Allows disabling IP-Adapter FaceID entirely for cleaner output quality. Set to True in config.py to re-enable face-locked generation.
🎨 DreamTail
SDXL Image Generation Service for NVIDIA Jetson AGX Orin
DreamTail is a standalone FastAPI service that provides high-quality image generation using Stable Diffusion XL (SDXL), optimized for NVIDIA Jetson AGX Orin. It's designed to be used by multiple clients (Lyra, Vixy, etc.) through a simple REST API with job queue management.
Features
- ✨ SDXL (Stable Diffusion XL) for high-quality 1024x1024 image generation
- 🚀 Jetson-optimized with FP16, attention slicing, and VAE slicing
- 📋 Job queue system with async processing
- 🔄 Multi-client support (Lyra, Vixy, and more)
- 💾 Automatic cleanup (images deleted after 10 days)

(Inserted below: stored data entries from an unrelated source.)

text \<open>Lower bound: complete a basis of \<open>A\<close> to a basis \<open>B\<close> of \<open>E\<close>; then \<open>(E - A) - B\<close> is
  co-independent.\<close>
lemma dual_rk_lower:
  assumes A: "A \<subseteq> E"
  shows "card E + rk I A \<le> rk (dual_indep E I) (E - A) + card A + rk I E"
proof -
  obtain BA where BA: "BA \<in> I" "BA \<subseteq> A" "card BA = rk I A"
    using rk_attained by blast
  moreover have "BA \<subseteq> E" using BA(2) A by blast
  ultimately obtain B where B: "B \<in> I" "BA \<subseteq> B" "B \<subseteq> E" "card B = rk I E"
    using extend_to_basis by blast
  have finB: "finite B" using finite_member B(1) by blast
  define X where "X = (E - A) - B"
  have "B \<subseteq> E - X" using B(3) unfolding X_def by blast
  hence "card B \<le> rk I (E - X)" by (rule rk_ge[OF B(1)])
  moreover have "rk I (E - X) \<le> rk I E" by (rule rk_mono) auto
  ultimately have "X \<in> dual_indep E I"
    unfolding dual_indep_def mrank_def X_def using B(4) by auto
  hence c1: "card X \<le> rk (dual_indep E I) (E - A)"
    unfolding X_def by (intro dual.rk_ge) auto
  have "card BA \<le> card (B \<inter> A)" using BA B finB by (intro card_mono) auto
  moreover have "card (B \<inter> A) \<le> rk I A"
    using rk_ge[OF indep_subset[OF B(1)], of "B \<inter> A" A] by simp
  ultimately have c2: "card (B \<inter> A) = rk I A" using BA(3) by simp
  have "E - A = X \<union> (B - A)" "X \<inter> (B - A) = {}" using B(3) unfolding X_def by auto
  hence "card X + card (B - A) = card (E - A)"
    using finite_ground by (metis card_Un_disjoint finite_Diff finite_Un)
  moreover have "card (E - A) + card A = card E"
    using card_Int_Diff[OF finite_ground, of A] A by (simp add: Int_absorb1)
  moreover have "card B = card (B \<inter> A) + card (B - A)" using card_Int_Diff[OF finB] .
  ultimately show ?thesis using c1 c2 B(4) by linarith
qed

text \<open>Upper bound: a maximal co-independent \<open>X \<subseteq> E - A\<close> leaves a basis \<open>B\<close> of \<open>E\<close>
  outside \<open>X\<close>, and \<open>X\<close>, \<open>B - A\<close> are disjoint subsets of \<open>E - A\<close>.\<close>
lemma dual_rk_upper:
  assumes A: "A \<subseteq> E"
  shows "rk (dual_indep E I) (E - A) + card A + rk I E \<le> card E + rk I A"
proof -
  obtain X where X: "X \<in> dual_indep E I" "X \<subseteq> E - A" "card X = rk (dual_indep E I) (E - A)"
    using dual.rk_attained by blast
  have "rk I (E - X) = rk I E" using X(1) by (simp add: dual_indep_def mrank_def)
  then obtain B where B: "B \<in> I" "B \<subseteq> E - X" "card B = rk I E"
    using rk_attained by metis
  have finB: "finite B" using finite_member B(1) by blast
  have "card X + card (B - A) = card (X \<union> (B - A))"
    using X(2) B(2) finB finite_subset[OF X(2)] finite_ground by (intro card_Un_disjoint[symmetric]) auto
  also have "\<dots> \<le> card (E - A)"
    using X(2) B(2) finite_ground by (intro card_mono) auto
  finally have "card X + card (B - A) \<le> card (E - A)" .
  moreover have "card (E - A) + card A = card E"
    using card_Int_Diff[OF finite_ground, of A] A by (simp add: Int_absorb1)
  moreover have "card (B \<inter> A) \<le> rk I A"
    using rk_ge[OF indep_subset[OF B(1)], of "B \<inter> A" A] by simp
  moreover have "card B = card (B \<inter> A) + card (B - A)" using card_Int_Diff[OF finB] .
  ultimately show ?thesis using B(3) X(3) by linarith
qed

lemma dual_rk:
  "A \<subseteq> E \<Longrightarrow> rk (dual_indep E I) (E - A) + card A + rk I E = card E + rk I A"
  using dual_rk_lower dual_rk_upper by (meson le_antisym)

lemma dual_rk_ground: "rk (dual_indep E I) E + rk I E = card E"
  using dual_rk[of "{}"] rk_le_card[of "{}"] by simp

end

locale matroid_coext = fin_matroid +
  fixes e :: 'a
  assumes new_elem: "e \<notin> E"
begin

text \<open>Independence in \<open>M\<times>e\<close> means that the complement has full rank in \<open>M* + e\<close>,
  whose rank is \<open>rk*(E)\<close>.\<close>
lemma coext_indep_iff:
  "Y \<in> free_coext_indep E I e \<longleftrightarrow> Y \<subseteq> insert e E
     \<and> rk (free_ext_indep E (dual_indep E I) e) (insert e E - Y) = rk (dual_indep E I) E"
  by (simp add: free_coext_indep_def dual_indep_def[of "insert e E"] dual.mrank_free_ext[OF new_elem])

lemma coext_indep_insert:
  assumes A: "A \<subseteq> E"
  shows "insert e A \<in> free_coext_indep E I e \<longleftrightarrow> A \<in> I"
proof -
  have finA: "finite A" using A finite_ground finite_subset by blast
  have "insert e E - insert e A = E - A" using new_elem by auto
  hence "insert e A \<in> free_coext_indep E I e \<longleftrightarrow>
      rk (dual_indep E I) (E - A) = rk (dual_indep E I) E"
    using coext_indep_iff dual.rk_free_ext[OF new_elem, of "E - A"] A by auto
  also have "\<dots> \<longleftrightarrow> rk I A = card A"
    using dual_rk[OF A] dual_rk_ground rk_le_card[OF finA] by linarith
  also have "\<dots> \<longleftrightarrow> A \<in> I" using rk_eq_card_iff[OF finA] .
  finally show ?thesis .
qed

- 🔍 Progress tracking via REST API
- 🏥 Health monitoring and statistics
Architecture
┌─────────────┐
│ Clients │ (Lyra, Vixy, etc.)
└──────┬──────┘
│ HTTP/REST
▼
┌──────────────────────┐
│ FastAPI Server │
│ (Port 8765) │
└──────┬───────────────┘
│
┌──────▼─────┬─────────┬──────────┐
│ Job Queue │ SDXL │ Storage │
│ Manager │ Worker │ Manager │
└────────────┴─────────┴──────────┘
│ │ │
│ ┌────▼────┐ │
│ │ GPU │ │
│ │ (Orin) │ │
│ └─────────┘ │
▼ ▼
/app/storage /data/models
Requirements
Hardware
- NVIDIA Jetson AGX Orin (32GB or 64GB recommended)
- ~8-12GB VRAM for SDXL
- ~50GB storage for models and generated images
Software
- Docker with NVIDIA Container Runtime
- JetPack 6.0+ (L4T R36.2.0+)
Installation
1. Download SDXL Models (First Time Only)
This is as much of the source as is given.